**Dataset excerpts:**
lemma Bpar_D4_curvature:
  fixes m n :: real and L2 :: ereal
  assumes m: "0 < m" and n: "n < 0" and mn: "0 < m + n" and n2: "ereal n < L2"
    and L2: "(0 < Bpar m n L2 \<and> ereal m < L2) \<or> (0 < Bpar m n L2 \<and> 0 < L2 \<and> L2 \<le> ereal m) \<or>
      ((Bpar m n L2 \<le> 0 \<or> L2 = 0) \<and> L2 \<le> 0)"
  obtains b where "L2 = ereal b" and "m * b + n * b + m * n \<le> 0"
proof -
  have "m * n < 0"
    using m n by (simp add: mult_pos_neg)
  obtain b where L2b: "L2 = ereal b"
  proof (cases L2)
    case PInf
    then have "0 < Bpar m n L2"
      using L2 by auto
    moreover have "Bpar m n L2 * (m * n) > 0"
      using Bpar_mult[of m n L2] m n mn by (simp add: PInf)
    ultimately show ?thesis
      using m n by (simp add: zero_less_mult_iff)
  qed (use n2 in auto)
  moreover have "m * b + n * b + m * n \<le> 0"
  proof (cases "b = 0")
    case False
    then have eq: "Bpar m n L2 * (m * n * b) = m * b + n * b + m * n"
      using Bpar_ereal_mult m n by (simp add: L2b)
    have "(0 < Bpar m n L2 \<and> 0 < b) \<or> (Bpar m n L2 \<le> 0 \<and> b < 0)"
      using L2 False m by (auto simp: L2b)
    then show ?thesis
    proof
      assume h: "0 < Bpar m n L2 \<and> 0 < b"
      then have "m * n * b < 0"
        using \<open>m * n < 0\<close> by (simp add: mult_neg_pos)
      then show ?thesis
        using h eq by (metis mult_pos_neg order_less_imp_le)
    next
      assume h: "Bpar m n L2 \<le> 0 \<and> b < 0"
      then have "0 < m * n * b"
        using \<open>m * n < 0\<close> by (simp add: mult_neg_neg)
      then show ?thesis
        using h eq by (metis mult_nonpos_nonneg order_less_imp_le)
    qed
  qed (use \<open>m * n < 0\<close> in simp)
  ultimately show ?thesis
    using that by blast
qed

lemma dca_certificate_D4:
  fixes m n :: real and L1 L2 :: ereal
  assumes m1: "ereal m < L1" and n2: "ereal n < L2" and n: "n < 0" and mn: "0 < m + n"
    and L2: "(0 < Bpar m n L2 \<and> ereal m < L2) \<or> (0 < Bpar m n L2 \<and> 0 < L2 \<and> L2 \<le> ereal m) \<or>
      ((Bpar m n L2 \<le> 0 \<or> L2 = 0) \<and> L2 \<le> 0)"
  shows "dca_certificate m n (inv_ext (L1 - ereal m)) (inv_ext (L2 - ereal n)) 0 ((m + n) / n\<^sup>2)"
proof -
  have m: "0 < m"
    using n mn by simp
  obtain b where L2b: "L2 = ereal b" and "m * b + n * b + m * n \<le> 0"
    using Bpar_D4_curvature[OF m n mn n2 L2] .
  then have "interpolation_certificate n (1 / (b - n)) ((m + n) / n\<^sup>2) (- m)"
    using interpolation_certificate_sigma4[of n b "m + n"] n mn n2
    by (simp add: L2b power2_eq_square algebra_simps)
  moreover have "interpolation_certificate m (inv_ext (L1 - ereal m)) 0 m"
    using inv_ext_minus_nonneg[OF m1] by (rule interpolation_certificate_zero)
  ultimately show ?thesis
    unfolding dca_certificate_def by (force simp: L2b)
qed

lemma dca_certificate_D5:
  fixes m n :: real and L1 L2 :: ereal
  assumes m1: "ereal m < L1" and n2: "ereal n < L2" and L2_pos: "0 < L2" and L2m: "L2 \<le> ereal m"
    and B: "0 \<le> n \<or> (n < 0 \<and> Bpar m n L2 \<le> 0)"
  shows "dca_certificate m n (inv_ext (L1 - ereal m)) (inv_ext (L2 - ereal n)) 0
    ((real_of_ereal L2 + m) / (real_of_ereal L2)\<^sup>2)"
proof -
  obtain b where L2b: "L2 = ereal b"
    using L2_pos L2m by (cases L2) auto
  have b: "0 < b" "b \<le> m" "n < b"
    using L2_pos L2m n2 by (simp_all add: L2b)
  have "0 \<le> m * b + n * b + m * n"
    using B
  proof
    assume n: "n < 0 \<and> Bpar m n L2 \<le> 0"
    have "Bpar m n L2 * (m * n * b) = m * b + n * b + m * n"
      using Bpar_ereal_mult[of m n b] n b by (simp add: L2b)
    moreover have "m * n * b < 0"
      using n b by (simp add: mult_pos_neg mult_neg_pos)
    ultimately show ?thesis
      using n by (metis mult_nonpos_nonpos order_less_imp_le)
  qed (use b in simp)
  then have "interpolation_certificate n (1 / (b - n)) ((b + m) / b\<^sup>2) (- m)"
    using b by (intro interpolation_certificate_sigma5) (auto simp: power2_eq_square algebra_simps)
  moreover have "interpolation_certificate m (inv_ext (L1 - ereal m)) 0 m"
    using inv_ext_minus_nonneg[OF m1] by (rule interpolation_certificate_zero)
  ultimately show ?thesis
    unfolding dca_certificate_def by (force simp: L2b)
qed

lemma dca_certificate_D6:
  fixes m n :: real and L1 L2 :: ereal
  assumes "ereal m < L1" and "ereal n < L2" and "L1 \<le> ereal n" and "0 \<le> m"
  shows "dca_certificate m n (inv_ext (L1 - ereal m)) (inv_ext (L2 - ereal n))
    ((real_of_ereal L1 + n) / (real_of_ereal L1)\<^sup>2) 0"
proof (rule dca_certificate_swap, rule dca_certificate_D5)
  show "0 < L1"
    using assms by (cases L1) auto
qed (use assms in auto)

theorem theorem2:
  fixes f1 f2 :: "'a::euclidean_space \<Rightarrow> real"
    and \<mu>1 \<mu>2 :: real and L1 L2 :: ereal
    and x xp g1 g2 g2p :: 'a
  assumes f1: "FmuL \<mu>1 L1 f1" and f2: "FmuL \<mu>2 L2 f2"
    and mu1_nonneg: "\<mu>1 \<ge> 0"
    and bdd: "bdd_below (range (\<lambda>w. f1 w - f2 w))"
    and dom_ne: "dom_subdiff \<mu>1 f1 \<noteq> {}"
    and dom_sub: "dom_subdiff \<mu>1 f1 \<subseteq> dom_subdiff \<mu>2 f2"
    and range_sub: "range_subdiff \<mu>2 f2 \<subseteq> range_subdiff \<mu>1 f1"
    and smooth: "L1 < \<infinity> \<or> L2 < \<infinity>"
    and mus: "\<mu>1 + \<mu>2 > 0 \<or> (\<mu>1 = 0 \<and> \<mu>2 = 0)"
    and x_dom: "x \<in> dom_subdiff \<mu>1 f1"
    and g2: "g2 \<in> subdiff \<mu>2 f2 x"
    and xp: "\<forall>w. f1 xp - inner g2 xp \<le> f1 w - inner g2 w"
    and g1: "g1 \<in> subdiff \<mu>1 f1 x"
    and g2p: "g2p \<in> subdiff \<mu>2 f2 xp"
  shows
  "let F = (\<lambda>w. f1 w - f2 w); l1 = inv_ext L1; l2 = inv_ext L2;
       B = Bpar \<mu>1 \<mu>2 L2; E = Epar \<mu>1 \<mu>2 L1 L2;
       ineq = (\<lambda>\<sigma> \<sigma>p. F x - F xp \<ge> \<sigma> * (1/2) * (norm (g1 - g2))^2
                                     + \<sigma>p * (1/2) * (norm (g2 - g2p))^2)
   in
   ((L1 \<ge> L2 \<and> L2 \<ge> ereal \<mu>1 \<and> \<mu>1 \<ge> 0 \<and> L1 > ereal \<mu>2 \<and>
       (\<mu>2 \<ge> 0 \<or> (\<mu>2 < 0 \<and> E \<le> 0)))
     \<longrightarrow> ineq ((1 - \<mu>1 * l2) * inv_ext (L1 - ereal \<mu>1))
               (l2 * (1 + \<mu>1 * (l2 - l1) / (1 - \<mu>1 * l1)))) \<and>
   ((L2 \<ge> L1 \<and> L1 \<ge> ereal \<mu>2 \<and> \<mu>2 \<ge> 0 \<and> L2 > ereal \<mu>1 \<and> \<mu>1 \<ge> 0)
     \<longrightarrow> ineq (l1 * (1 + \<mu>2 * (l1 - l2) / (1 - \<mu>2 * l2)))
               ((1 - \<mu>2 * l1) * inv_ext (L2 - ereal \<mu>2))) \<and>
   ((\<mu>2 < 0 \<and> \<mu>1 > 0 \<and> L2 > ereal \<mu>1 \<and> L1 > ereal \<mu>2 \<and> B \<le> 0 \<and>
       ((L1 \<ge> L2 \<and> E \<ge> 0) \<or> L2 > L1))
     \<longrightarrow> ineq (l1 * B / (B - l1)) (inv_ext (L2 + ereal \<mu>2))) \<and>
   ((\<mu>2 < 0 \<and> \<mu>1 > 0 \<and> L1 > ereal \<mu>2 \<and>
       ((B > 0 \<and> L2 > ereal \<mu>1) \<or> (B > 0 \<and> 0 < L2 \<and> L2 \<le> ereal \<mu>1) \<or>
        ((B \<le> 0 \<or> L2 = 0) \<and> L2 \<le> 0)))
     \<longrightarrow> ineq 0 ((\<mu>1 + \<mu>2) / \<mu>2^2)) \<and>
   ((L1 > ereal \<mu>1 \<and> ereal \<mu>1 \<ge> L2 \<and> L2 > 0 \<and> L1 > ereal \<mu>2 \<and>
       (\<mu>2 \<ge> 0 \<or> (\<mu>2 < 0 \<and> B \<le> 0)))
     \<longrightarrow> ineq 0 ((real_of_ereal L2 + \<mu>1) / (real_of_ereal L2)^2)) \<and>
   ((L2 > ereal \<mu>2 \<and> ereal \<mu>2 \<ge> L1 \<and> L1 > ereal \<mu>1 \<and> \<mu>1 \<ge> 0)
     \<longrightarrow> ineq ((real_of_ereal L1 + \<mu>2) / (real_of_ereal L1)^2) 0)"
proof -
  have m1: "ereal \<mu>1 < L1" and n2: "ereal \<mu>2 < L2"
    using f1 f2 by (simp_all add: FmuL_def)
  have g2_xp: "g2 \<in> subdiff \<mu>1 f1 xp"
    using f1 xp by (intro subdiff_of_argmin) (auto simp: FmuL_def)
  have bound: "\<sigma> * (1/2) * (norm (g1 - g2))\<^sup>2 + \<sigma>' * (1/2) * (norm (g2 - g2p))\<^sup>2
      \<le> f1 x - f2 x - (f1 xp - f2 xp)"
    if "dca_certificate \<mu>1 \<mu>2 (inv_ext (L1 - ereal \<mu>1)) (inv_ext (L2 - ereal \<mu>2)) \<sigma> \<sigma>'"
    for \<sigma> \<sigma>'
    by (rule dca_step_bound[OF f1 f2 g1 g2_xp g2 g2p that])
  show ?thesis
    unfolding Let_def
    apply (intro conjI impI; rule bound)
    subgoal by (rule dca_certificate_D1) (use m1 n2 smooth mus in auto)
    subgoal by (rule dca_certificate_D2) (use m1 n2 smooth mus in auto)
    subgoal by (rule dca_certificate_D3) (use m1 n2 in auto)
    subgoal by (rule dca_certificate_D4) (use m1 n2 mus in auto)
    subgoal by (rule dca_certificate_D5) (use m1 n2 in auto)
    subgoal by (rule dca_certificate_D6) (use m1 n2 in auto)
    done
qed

**Task to complete:** Go through the records above and copy every line with the word "that".

**Worked solution:**
    using that by blast
    by (rule dca_step_bound[OF f1 f2 g1 g2_xp g2 g2p that])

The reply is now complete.